With respect to the process of approval, where Comme le prévoit had implemented the council’s directive that the legitimate decision-making body in matters of liturgical translation is the bishops’ conference (with confirmation by the Holy See; see CP 2), Liturgiam Authenticam notes that the Congregation for Divine Worship and the Discipline of the Sacraments makes a special claim to insert itself in the preparation and approval of the translations of major languages (see LA 104 and 76). 23 In a further centralizing move, the Congregation insisted that the establishment and oversight of mixed commissions such as ICEL would fall, no longer to the conferences of bishops, but to the Congregation itself (LA 93). Rather than being staffed by experts selected by the various bishops’ conferences to work in close collaboration and to pool their resources, international commissions should function as a set of independent national commissions, with their staffs working separately (LA 96). One detects a fear of both creativity and theological/liturgical expertise motivating the injunction that mixed commissions be limited only to translating the Latin of the typical editions without undertaking original compositions or even engaging collaboratively with other international commissions (LA 98). Any non-bishop experts or staff members working for international commissions would now require the Congregation’s nihil obstat (LA 100). 24
Nearly from its inception and until the promulgation of Liturgiam Authenticam, ICEL’s ecumenical involvement and cooperation in seeking common texts where possible had been a hallmark of its way of operating, 25 with no hint of concern over such collaboration expressed in Comme le prévoit. Liturgiam Authenticam effectively halted these efforts. Lutheran liturgical scholar Maxwell Johnson points out that many Protestant liturgical prayers were developed on the foundation of the Roman Catholic texts, often in collaboration with ICEL: “‘the manner of speech of non-Catholic ecclesial communities’ in their liturgical language is based directly on the manner of Catholic liturgical speech because it is adapted directly from already existing Catholic liturgical speech! It is not and could not have been the other way around, even if for Roman Catholics ecumenical consultation had been part of the process.” 26
The rhetorical style of Liturgiam Authentica itself reflects the circumscriptive, defensive, and inhospitable posture of the principles and procedures of liturgical translation. An imposing tone is set, seemingly intended to keep all bishops’ conferences and language groups on their heels, when unnamed vernacular language groups are chided: “The omissions or errors which affect certain existing vernacular translations—especially in the case of certain languages—have impeded the progress of the inculturation that actually should have taken place” (LA 6). Or consider words and phrases such as the following: “tendencies . . . which are to be avoided,” “stand secure as the authentic voice of the Church,” “safeguards also the faith and the unity of the whole Church” (LA 7); “not so much a work of creative innovation” (LA 20); “the addition of explanatory texts . . . is to be prudently avoided” (LA 28); “the indefectible faith of the Church” (LA 4); “maintain the identity and unitary expression of the Roman Rite” (LA 5); “free of an overly servile adherence to prevailing modes of expression,” “a sacred style that will come to be recognized as proper to liturgical language,” “manner of speech which has come to be considered somewhat obsolete in daily usage may continue to be maintained in the liturgical context,” and “where seemingly inelegant words or expressions are used, a hasty tendency to sanitize this characteristic is likewise to be avoided” (LA 27). In stating that “the Holy See reserves to itself the right to prepare translations in any language, and to approve them” (LA 104), Liturgiam Authenticam demonstrates that it is inhospitable to the de-centralizing hospitality of Vatican II so apparent in Comme le prévoit.

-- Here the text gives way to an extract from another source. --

(* Let $\mathcal S$ be a trajectory set satisfying (nL), i.e. $\bar\sigma(0)\ge0$ holds in the shifted conditional space $\mathcal S^{(S,j)}$ for every $S\in\mathcal S$ and $j\in\mathbb N_0$. Then $\mathcal S$ satisfies (nK), i.e. for every $S\in\mathcal S$ and $j\in\mathbb N_0$ the shifted conditional space $\mathcal S^{(S,j)}$ satisfies (LOP) and (K).
   Context: Fix $s_0\in\mathbb R$. A trajectory set (with initial value $s_0$) is any set $\mathcal S$ of real sequences $S=(S_j)_{j\in\mathbb N_0}$ with $S_0=s_0$. All of the following notions are defined for an arbitrary trajectory set $\mathcal T$ (in place of $\mathcal S$). A simple portfolio $(V,n,H)$ consists of $V\in\mathbb R$, $n\in\mathbb N$ and nonanticipating functions $H_i:\mathcal T\to\mathbb R$, $0\le i\le n-1$ (i.e. $H_i(S)=h_i(S_0,\dots,S_i)$ for some arbitrary $h_i:\mathbb R^{i+1}\to\mathbb R$). Its wealth is $\Pi^{V,n,H}_j(S)=V+\sum_{i=0}^{\min\{j,n\}-1}H_i(S)(S_{i+1}-S_i)$ and $\Pi^{V,n,H}_\infty:=\Pi^{V,n,H}_n$; it is positive if $V\ge0$ and $\Pi^{V,n,H}_\infty\ge0$ on $\mathcal T$. A generalized portfolio is a sequence $(V_m,n_m,H_m)_{m\in\mathbb N_0}$ of simple portfolios, positive for every $m\ge1$; it is a positive generalized portfolio if moreover $\Pi^{V_0,n_0,H_0}_j\equiv0$ for all $j$. A map $f:\mathcal T\to[-\infty,+\infty]$ is superhedged with initial endowment $V=\sum_{m=0}^\infty V_m\in(-\infty,+\infty]$ by such a portfolio if $f\le\sum_{m=0}^\infty\Pi^{V_m,n_m,H_m}_\infty$ on $\mathcal T$. For $f\ge0$, $\bar I(f)$ is the infimum of initial endowments of positive generalized portfolios superhedging $f$; $\bar\sigma(f)$ is the infimum of initial endowments of generalized portfolios superhedging $f$. Let $\mathcal E=\{\Pi^{V,n,H}_\infty\}$ over all simple portfolios. (LOP): whenever two simple portfolios have equal terminal wealth $\Pi_\infty$ on all of $\mathcal T$, their initial endowments coincide; under (LOP), $I(\Pi^{V,n,H}_\infty):=V$ is well defined on $\mathcal E$. (K): $I(f)+\bar I(f^-)\le\bar I(f^+)$ for every $f\in\mathcal E$. For $S\in\mathcal S$, $j\in\mathbb N_0$, the conditional space is $\mathcal S_{(S,j)}=\{\tilde S\in\mathcal S:(\tilde S_0,\dots,\tilde S_j)=(S_0,\dots,S_j)\}$ and the shifted conditional space is $\mathcal S^{(S,j)}=\{(\tilde S_{j+i})_{i\in\mathbb N_0}:\tilde S\in\mathcal S_{(S,j)}\}$, a trajectory set with initial value $S_j$. *)

theory Defs
  imports "HOL-Analysis.Analysis"
begin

A Sampling of the Two English Translations
A thorough examination of the differences in the translations of The Sacramentary, which was based on Comme le prévoit, and The Roman Missal, based on Liturgiam Authenticam, is beyond the scope of this article, as is a discussion of the 1998 translation approved by English-speaking bishops’ conferences but rejected by Rome. 27 I will confine my analysis to a few examples of particular rhetorical effects produced by the two fully implemented translations, effects that I contend are idiomatic to each, without claiming that they are necessarily exclusive to each. I examine several collects in the section of the Missal arranged under the heading “Masses and Prayers for Various Needs and Occasions,” selecting from the subheadings “For Civil Needs” and “For Various Occasions.” 28 The analysis intends to be illustrative rather than exhaustive.
The dimension of Greimasian semiotics broadly termed “narrative analysis,” which includes examination of the structural roles played by various characters in the unfolding of the plot, attempts to lay bare the “narrative programs” (roughly, the plots and subplots) of a narrative. 29 In the case of the prayer form known as the “collect” (“opening prayer” in The Sacramentary), the standard narrative trajectory of the prayer is structured by its literary form, often portrayed in English shorthand as “You–Who–Do–Through”: a direct address to God (the Father), often with a qualifying adjective naming the distinctive divine attributes (Almighty, Ever-living, etc.); an anamnetic subordinate clause, often beginning with qui in Latin, which acknowledges and praises God’s past deeds; a petition entreating God to act so as to bestow some favor requested by those praying—and here we do well to insert into the usual shorthand “To,” as in “in order to”/“so that,” as another subordinate clause (frequently ut in Latin) indicating the purpose or intention, the desired result or outcome toward which the petition is directed (e.g., “give us x, so that we might be able to do y”); concluding with a naming of Christ the Lord as the one through whose mediation (per Dominum) the prayer is made and a trinitarian doxology naming Christ’s unity with God (the Father) in the Holy Spirit, also signaling the end of the prayer voiced by the presider, thereby marking the moment for the assembly to respond, “Amen.” 30
It comes as no surprise, given the standard form, that the narrative program is virtually identical between translations of the same prayer. In attending to the structure of the opening prayers, we notice that in every instance the “plot” is the same in both translations. It would indeed be unexpected if the narrative implied by one translation differed in any significant way from the other, since that story constitutes the “what” of the translations from the Latin editio typica to each English version of the prayer. Take, for example the two translations of the collect “For the Nation or State”/“For the Nation, (State,) or City”:
It is clear that the “plots” implied by the two translations, following as they do those in the Latin original, do not differ. Broadly speaking, the “what” of the prayer in The Roman Missal is for all practical purposes the same as that in The Sacramentary, and both are the same as in the Missale Romanum: God is praised for being the divine planner/director of all things, and is asked to accept the assembly’s prayers for the wisdom of their country’s leadership and the integrity of its citizens, so that harmony, justice, peace, and prosperity will result.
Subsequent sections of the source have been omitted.